US housing recovery divided on age, race and place
It's the most profitable time to sell a house since the Great Recession started in late 2007. But first-time buyers are increasingly scarce.
More Americans are qualifying for mortgages, yet minorities still get disproportionately rejected.
Three new industry analyses released Thursday show that the recovering economy has produced a divided U.S. housing market. Where people live, their age and the color of their skin have largely influenced who has benefited as real estate continues to heal from the bursting of a mortgage bubble that triggered the worst economic downturn in nearly 80 years.
Budding sales growth over the past year has overwhelmingly helped existing owners who are seeking an upgrade. But the millennials buying their first home are being priced out of the market because student debt has prevented them from saving. And a major gap exists among who qualifies for a mortgage even as the overall approval rate improves.
Between July and September, sellers unloaded their homes for an average of $40,658 more than they paid for their properties, according to RealtyTrac, the California-based real estate information company. This was the largest profit recorded since the third quarter of 2007, although it remains below profits averaging in excess of $100,000 during the height of the boom in late 2005.
The financial gains might be enough to coax more people to list their properties for sale, ending a shortage of homes on the market.
The profits are "enough to say, yes, I can leverage this into moving up and buying a bigger home," said Daren Blomquist, a vice president at RealtyTrac.
But not all markets are equal.
Sellers in San Francisco pocketed $463,505. Manhattanites reaped $385,909. Those in Washington, D.C. made $130,593, while sellers in Los Angeles came away with $115,573.
Meanwhile, housing in other major U.S. counties sold on average at a loss.
This includes the Chicago suburbs outside Cook County, with McHenry County sellers losing an average of $19,849. Sellers tended to unload properties for less than they paid in Baltimore, Cincinnati, Milwaukee and Tampa, Florida.

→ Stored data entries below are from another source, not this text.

lemma integrable_on_bounded_measurable_product:
  fixes g k :: "real \<Rightarrow> real"
  assumes "g integrable_on S" "\<And>x. x \<in> S \<Longrightarrow> 0 \<le> g x" "S \<in> sets lebesgue"
    and "k \<in> borel_measurable (lebesgue_on S)" "bounded (k ` S)"
  shows "(\<lambda>x. k x * g x) integrable_on S"
  using absolutely_integrable_bounded_measurable_product_real
      [OF assms(4,3,5) nonnegative_absolutely_integrable_1[OF assms(1,2)]]
  by (rule set_lebesgue_integral_eq_integral(1))

lemma improper_int_convergesI:
  assumes "\<And>a. A \<le> a \<Longrightarrow> f integrable_on {a..}"
  shows "improper_int_converges f"
  unfolding improper_int_converges_def eventually_at_top_linorder using assms by blast

lemma improper_int_convergesE:
  assumes "improper_int_converges f"
  obtains a where "B \<le> a" "f integrable_on {a..}"
proof -
  obtain N where "\<And>a. N \<le> a \<Longrightarrow> f integrable_on {a..}"
    using assms unfolding improper_int_converges_def eventually_at_top_linorder by blast
  then show ?thesis
    using that[of "max N B"] by simp
qed

lemma ln_div_ln_less_iff_less_powr:
  fixes x y c :: real
  assumes "0 < x" "1 < y"
  shows "ln x / ln y < c \<longleftrightarrow> x < y powr c"
proof -
  have "ln x / ln y < c \<longleftrightarrow> ln x < c * ln y"
    using assms by (simp add: pos_divide_less_eq)
  also have "\<dots> \<longleftrightarrow> ln x < ln (y powr c)"
    using assms by (simp add: ln_powr)
  also have "\<dots> \<longleftrightarrow> x < y powr c"
    using assms by (intro ln_less_cancel_iff) auto
  finally show ?thesis .
qed

locale phi_order_setting =
  fixes \<phi> T :: "real \<Rightarrow> real" and R\<^sub>0 :: real
  assumes R0_pos: "R\<^sub>0 > 0"
    and phi_pos: "\<forall>r>R\<^sub>0. \<phi> r > 0"
    and phi_mono: "mono_on {R\<^sub>0<..} \<phi>"
    and phi_unbdd: "\<forall>M. \<exists>r>R\<^sub>0. \<phi> r > M"
    and phi_diff: "\<forall>r>R\<^sub>0. \<phi> differentiable (at r)"
    and T_pos: "\<forall>t>0. T t > 0"
    and T_mono: "mono_on {0<..} T"
begin

definition integrand :: "real \<Rightarrow> real \<Rightarrow> real" where
  "integrand \<mu> t = deriv \<phi> t * T t / \<phi> t powr (\<mu> + 1)"

lemma integrand_eq: "integrand \<mu> t = T t * (deriv \<phi> t * \<phi> t powr (-\<mu> - 1))"
proof -
  have "-\<mu> - 1 = -(\<mu> + 1)"
    by simp
  then have "\<phi> t powr (-\<mu> - 1) = inverse (\<phi> t powr (\<mu> + 1))"
    by (simp only: powr_minus)
  then show ?thesis
    by (simp add: integrand_def divide_inverse)
qed

lemma phi_has_deriv: "r > R\<^sub>0 \<Longrightarrow> (\<phi> has_real_derivative deriv \<phi> r) (at r)"
  using phi_diff DERIV_deriv_iff_real_differentiable by blast

lemma deriv_phi_nonneg: "r > R\<^sub>0 \<Longrightarrow> deriv \<phi> r \<ge> 0"
  by (rule mono_on_imp_deriv_nonneg[OF phi_mono phi_has_deriv]) (auto simp: interior_open)

lemma integrand_nonneg:
  assumes "t > R\<^sub>0"
  shows "integrand \<mu> t \<ge> 0"
proof -
  have "0 \<le> deriv \<phi> t" "0 < T t" "0 < \<phi> t"
    using assms deriv_phi_nonneg phi_pos T_pos R0_pos by auto
  then show ?thesis
    by (simp add: integrand_def)
qed

lemma phi_at_top: "filterlim \<phi> at_top at_top"
  by (rule mono_on_unbounded_imp_filterlim_at_top[OF phi_mono phi_unbdd])

lemma eventually_less_phi_powr:
  assumes "p > 0"
  shows "\<forall>\<^sub>F t in at_top. M < \<phi> t powr p"
proof -
  have "\<forall>\<^sub>F t in at_top. max 1 M powr (1/p) < \<phi> t"
    using phi_at_top by (simp add: filterlim_at_top_dense)
  then show ?thesis
  proof (rule eventually_mono)
    fix t assume t: "max 1 M powr (1/p) < \<phi> t"
    have "M \<le> (max 1 M powr (1/p)) powr p"
      using assms by (simp add: powr_powr)
    also have "\<dots> < \<phi> t powr p"
      by (rule powr_less_mono2) (use assms t in auto)
    finally show "M < \<phi> t powr p" .
  qed
qed

lemma phi_powr_neg_tendsto_0: "p > 0 \<Longrightarrow> ((\<lambda>t. \<phi> t powr (-p)) \<longlongrightarrow> 0) at_top"
  by (rule tendsto_neg_powr) (use phi_at_top in auto)

lemma borel_measurable_phi_T_on_tail:
  assumes "a > R\<^sub>0"
  shows "\<phi> \<in> borel_measurable (lebesgue_on {a..})" "T \<in> borel_measurable (lebesgue_on {a..})"
proof -
  show "\<phi> \<in> borel_measurable (lebesgue_on {a..})"
    by (rule mono_on_imp_borel_measurable_lebesgue_on, rule mono_on_subset[OF phi_mono])
       (use assms in auto)
  show "T \<in> borel_measurable (lebesgue_on {a..})"
    by (rule mono_on_imp_borel_measurable_lebesgue_on, rule mono_on_subset[OF T_mono])
       (use assms R0_pos in auto)
qed

lemma weight_has_integral_interval:
  assumes "R\<^sub>0 < a" "a \<le> b" "\<mu> \<noteq> 0"
  shows "((\<lambda>t. deriv \<phi> t * \<phi> t powr (-\<mu> - 1)) has_integral
          (\<phi> a powr (-\<mu>) - \<phi> b powr (-\<mu>)) / \<mu>) {a..b}"
proof -
  have "((\<lambda>t. - (\<phi> t powr (-\<mu>) / \<mu>)) has_real_derivative deriv \<phi> t * \<phi> t powr (-\<mu> - 1)) (at t)"
    if "t \<in> {a..b}" for t
  proof -
    have t: "t > R\<^sub>0" using that assms by auto
    have "((\<lambda>t. \<phi> t powr (-\<mu>)) has_real_derivative
            (-\<mu>) * \<phi> t powr (-\<mu> - of_nat 1) * deriv \<phi> t) (at t)"
      by (rule DERIV_fun_powr[OF phi_has_deriv[OF t]]) (use phi_pos t in auto)
    from DERIV_cdivide[OF this, of "-\<mu>"] show ?thesis
      using assms(3) by (simp add: mult.commute)
  qed
  then have "((\<lambda>t. deriv \<phi> t * \<phi> t powr (-\<mu> - 1)) has_integral
      - (\<phi> b powr (-\<mu>) / \<mu>) - - (\<phi> a powr (-\<mu>) / \<mu>)) {a..b}"
    by (intro fundamental_theorem_of_calculus[OF assms(2)])
       (simp add: has_real_derivative_iff_has_vector_derivative has_vector_derivative_at_within)
  then show ?thesis
    by (simp add: diff_divide_distrib)
qed

lemma weight_has_integral:
  assumes "R\<^sub>0 < a" "\<delta> > 0"
  shows "((\<lambda>t. deriv \<phi> t * \<phi> t powr (-\<delta> - 1)) has_integral \<phi> a powr (-\<delta>) / \<delta>) {a..}"
proof (rule has_integral_to_inf)
  let ?w = "\<lambda>t. deriv \<phi> t * \<phi> t powr (-\<delta> - 1)"
  show "?w integrable_on {a..y}" for y
    using weight_has_integral_interval[OF assms(1), of y \<delta>] assms by (cases "a \<le> y") auto
  show "0 \<le> ?w y" if "a \<le> y" for y
    using deriv_phi_nonneg that assms by auto
  have "\<forall>\<^sub>F y in at_top. (\<phi> a powr (-\<delta>) - \<phi> y powr (-\<delta>)) / \<delta> = integral {a..y} ?w"
    using eventually_ge_at_top[of a]
  proof eventually_elim
    case (elim y)
    show ?case
      by (intro integral_unique[symmetric] weight_has_integral_interval[OF assms(1) elim])
         (use assms in simp)
  qed
  moreover have "((\<lambda>y. (\<phi> a powr (-\<delta>) - \<phi> y powr (-\<delta>)) / \<delta>) \<longlongrightarrow> (\<phi> a powr (-\<delta>) - 0) / \<delta>) at_top"
    using assms by (intro tendsto_intros phi_powr_neg_tendsto_0) auto
  ultimately show "((\<lambda>y. integral {a..y} ?w) \<longlongrightarrow> \<phi> a powr (-\<delta>) / \<delta>) at_top"
    by (simp add: tendsto_cong)
qed

text \<open>Measurability of \<open>deriv \<phi>\<close> is not available, so instead of a direct comparison the
  integrand is factored into a bounded measurable function of \<open>\<phi>\<close> and \<open>T\<close> times an
  integrable one.\<close>

lemma converges_if_eventually_le_phi_powr:
  assumes "\<forall>\<^sub>F t in at_top. T t \<le> \<phi> t powr \<kappa>" and "\<kappa> < \<mu>"
  shows "improper_int_converges (integrand \<mu>)"
proof -
  obtain A where A: "\<And>t. A \<le> t \<Longrightarrow> T t \<le> \<phi> t powr \<kappa>"
    using assms(1) unfolding eventually_at_top_linorder by blast
  show ?thesis
  proof (rule improper_int_convergesI[of "max A (R\<^sub>0 + 1)"])
    fix a assume "max A (R\<^sub>0 + 1) \<le> a"
    then have a: "A \<le> a" "R\<^sub>0 < a" by auto
    let ?k = "\<lambda>t. T t * \<phi> t powr (-\<kappa>)"
    let ?w = "\<lambda>t. deriv \<phi> t * \<phi> t powr (-(\<mu> - \<kappa>) - 1)"
    have k_bounds: "0 \<le> ?k t \<and> ?k t \<le> 1" if "t \<in> {a..}" for t
    proof -
      have t: "A \<le> t" "R\<^sub>0 < t" using that a by auto
      then have "0 < \<phi> t" "0 < T t" using phi_pos T_pos R0_pos by auto
      have "?k t \<le> \<phi> t powr \<kappa> * \<phi> t powr (-\<kappa>)"
        using A[OF t(1)] by (intro mult_right_mono) auto
      also have "\<dots> = 1"
        using \<open>0 < \<phi> t\<close> by (simp add: powr_add[symmetric])
      finally show ?thesis
        using \<open>0 < T t\<close> by simp
    qed
    have "(\<lambda>t. ?k t * ?w t) integrable_on {a..}"
    proof (rule integrable_on_bounded_measurable_product)
      show "?w integrable_on {a..}"
        by (rule has_integral_integrable[OF weight_has_integral[OF a(2)]]) (use assms(2) in simp)
      show "0 \<le> ?w t" if "t \<in> {a..}" for t
        using deriv_phi_nonneg that a by auto
      show "?k \<in> borel_measurable (lebesgue_on {a..})"
        by (intro borel_measurable_times powr_real_measurable borel_measurable_phi_T_on_tail[OF a(2)]
            borel_measurable_const)
      show "bounded (?k ` {a..})"
        unfolding bounded_iff using k_bounds by (intro exI[of _ 1]) auto
    qed simp
    moreover have "?k t * ?w t = integrand \<mu> t" if "t \<in> {a..}" for t
    proof -
      have "0 < \<phi> t" using that a phi_pos by auto
      then have "\<phi> t powr (-\<kappa>) * \<phi> t powr (-(\<mu> - \<kappa>) - 1) = \<phi> t powr (-\<mu> - 1)"
        by (simp add: powr_add[symmetric])
      moreover have "?k t * ?w t = T t * (deriv \<phi> t * (\<phi> t powr (-\<kappa>) * \<phi> t powr (-(\<mu> - \<kappa>) - 1)))"
        by (simp add: mult_ac)
      ultimately show ?thesis
        by (simp add: integrand_eq)
    qed
    ultimately show "integrand \<mu> integrable_on {a..}"
      using integrable_cong[of "{a..}" "\<lambda>t. ?k t * ?w t" "integrand \<mu>"] by simp
  qed
qed
theorem theoremB1:
  fixes n :: nat and u :: "nat \<Rightarrow> real" and \<sigma> :: real
  assumes u: "u \<in> unit_sphere n"
    and \<sigma>: "0 < \<sigma>" "\<sigma> < 1"
  shows "measure_pmf.expectation (rademacher n)
            (\<lambda>x. exp (\<sigma>\<^sup>2 * (\<Sum>i<n. u i * x i)\<^sup>2 / 2))
          \<le> (\<integral>z. exp (\<sigma>\<^sup>2 * z\<^sup>2 / 2) \<partial>std_gaussian)
       \<and> (\<integral>z. exp (\<sigma>\<^sup>2 * z\<^sup>2 / 2) \<partial>std_gaussian) = 1 / sqrt (1 - \<sigma>\<^sup>2)
       \<and> (\<forall>m\<ge>1. alpha m \<le> sqrt 8 / sqrt 3)
       \<and> alpha \<longlonglongrightarrow> sqrt 8 / sqrt 3"
proof -
  have s: "0 \<le> \<sigma>\<^sup>2" "\<sigma>\<^sup>2 < 1"
    using \<sigma> by (simp_all add: power_less_one_iff)
  have gaussian: "(\<integral>z. exp (\<sigma>\<^sup>2 * z\<^sup>2 / 2) \<partial>std_gaussian) = 1 / sqrt (1 - \<sigma>\<^sup>2)"
    using std_normal_exp_square[OF s(2)] by (simp add: integral_std_gaussian has_bochner_integral_iff)
  have "exp_sq_moment n u (\<sigma>\<^sup>2) \<le> 1 / sqrt (1 - \<sigma>\<^sup>2)"
    by (rule exp_sq_moment_le[OF u s])
  then show ?thesis
    using gaussian alpha_le tendsto_alpha by (simp add: exp_sq_moment_def)
qed

end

"In some cases, it may have to do with outlying areas that people were willing to buy into during the housing bubble," Blomquist said. "They're not close enough to jobs to make sense for buyers now."
Millennials, ages 18 to 34, face a less affordable housing market than their parents, forcing them to put off ownership.
The share of first-time homebuyers has fallen for the third consecutive year to its lowest level since 1987, according to a survey by the National Association of Realtors.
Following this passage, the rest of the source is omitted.